**WORK ITEM**
Give back exactly the lines of the data below, starting with the line that has "set \<Rightarrow> 's list \<Rightarrow>" and going on through the line that has "ncmono (ordlist ord".

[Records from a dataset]
▬▬▬▬▬▬
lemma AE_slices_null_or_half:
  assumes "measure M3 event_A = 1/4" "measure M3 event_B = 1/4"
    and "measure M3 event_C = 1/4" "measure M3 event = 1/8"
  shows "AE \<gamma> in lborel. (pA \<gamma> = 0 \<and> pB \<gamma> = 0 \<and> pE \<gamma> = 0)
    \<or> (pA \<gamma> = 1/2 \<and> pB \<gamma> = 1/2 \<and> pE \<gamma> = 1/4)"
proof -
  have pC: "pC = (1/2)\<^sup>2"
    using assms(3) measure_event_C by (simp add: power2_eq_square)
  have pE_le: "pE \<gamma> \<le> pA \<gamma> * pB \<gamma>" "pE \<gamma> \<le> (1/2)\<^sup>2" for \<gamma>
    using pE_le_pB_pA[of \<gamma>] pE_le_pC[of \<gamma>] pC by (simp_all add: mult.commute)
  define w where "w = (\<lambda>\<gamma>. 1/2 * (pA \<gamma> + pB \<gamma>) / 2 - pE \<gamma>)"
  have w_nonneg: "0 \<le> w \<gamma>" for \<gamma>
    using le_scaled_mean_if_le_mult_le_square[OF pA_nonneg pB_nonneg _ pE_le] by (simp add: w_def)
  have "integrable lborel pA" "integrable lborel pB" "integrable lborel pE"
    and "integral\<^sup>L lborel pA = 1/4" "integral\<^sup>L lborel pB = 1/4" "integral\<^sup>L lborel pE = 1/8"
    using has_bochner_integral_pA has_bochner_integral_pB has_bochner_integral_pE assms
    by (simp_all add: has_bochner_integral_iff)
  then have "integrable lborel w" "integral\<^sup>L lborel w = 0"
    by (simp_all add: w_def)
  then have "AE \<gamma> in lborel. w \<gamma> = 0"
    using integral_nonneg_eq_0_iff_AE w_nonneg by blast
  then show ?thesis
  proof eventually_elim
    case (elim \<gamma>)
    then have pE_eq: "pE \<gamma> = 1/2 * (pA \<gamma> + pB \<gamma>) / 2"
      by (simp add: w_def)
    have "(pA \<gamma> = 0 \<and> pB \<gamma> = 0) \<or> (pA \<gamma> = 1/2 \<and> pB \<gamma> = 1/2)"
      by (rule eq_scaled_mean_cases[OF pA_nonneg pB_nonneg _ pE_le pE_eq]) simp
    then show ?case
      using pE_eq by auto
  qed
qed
▬▬▬▬▬▬
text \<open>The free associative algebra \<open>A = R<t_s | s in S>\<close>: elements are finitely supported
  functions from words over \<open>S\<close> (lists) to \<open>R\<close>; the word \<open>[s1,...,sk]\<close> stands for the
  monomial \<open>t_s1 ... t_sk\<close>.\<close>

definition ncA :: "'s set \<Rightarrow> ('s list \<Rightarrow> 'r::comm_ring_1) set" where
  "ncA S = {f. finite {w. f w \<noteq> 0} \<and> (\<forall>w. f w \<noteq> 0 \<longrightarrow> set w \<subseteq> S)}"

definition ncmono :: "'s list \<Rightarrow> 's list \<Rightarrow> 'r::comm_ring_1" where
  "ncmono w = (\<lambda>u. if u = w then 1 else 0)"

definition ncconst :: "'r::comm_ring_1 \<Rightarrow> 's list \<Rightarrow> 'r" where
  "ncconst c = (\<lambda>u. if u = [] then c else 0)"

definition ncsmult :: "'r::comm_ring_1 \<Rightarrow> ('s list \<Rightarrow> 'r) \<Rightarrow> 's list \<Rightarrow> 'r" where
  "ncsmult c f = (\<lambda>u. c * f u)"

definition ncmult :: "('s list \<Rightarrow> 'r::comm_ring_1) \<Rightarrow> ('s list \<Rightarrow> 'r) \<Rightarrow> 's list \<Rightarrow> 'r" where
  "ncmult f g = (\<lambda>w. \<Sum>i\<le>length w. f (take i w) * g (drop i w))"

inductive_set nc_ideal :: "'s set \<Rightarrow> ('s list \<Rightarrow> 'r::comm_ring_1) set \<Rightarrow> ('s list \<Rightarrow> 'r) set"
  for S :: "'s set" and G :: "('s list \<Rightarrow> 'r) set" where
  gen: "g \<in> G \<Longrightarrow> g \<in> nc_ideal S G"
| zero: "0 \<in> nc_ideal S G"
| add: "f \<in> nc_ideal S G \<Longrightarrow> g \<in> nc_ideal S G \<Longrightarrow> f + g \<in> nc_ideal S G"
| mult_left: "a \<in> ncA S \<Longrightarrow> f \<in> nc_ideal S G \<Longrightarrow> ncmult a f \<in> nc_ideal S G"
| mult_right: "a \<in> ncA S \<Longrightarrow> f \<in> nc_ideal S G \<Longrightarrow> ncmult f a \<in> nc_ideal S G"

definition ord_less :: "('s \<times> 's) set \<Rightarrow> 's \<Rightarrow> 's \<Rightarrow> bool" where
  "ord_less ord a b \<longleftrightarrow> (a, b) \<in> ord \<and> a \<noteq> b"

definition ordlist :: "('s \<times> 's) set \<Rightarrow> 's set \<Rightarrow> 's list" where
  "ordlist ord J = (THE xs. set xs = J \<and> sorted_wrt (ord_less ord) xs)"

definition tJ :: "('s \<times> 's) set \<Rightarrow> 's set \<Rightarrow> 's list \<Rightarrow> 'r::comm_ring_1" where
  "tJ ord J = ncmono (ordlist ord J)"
▬▬▬▬▬▬
**OUTPUT BELOW**
definition tJ :: "('s \<times> 's) set \<Rightarrow> 's set \<Rightarrow> 's list \<Rightarrow> 'r::comm_ring_1" where
  "tJ ord J = ncmono (ordlist ord J)"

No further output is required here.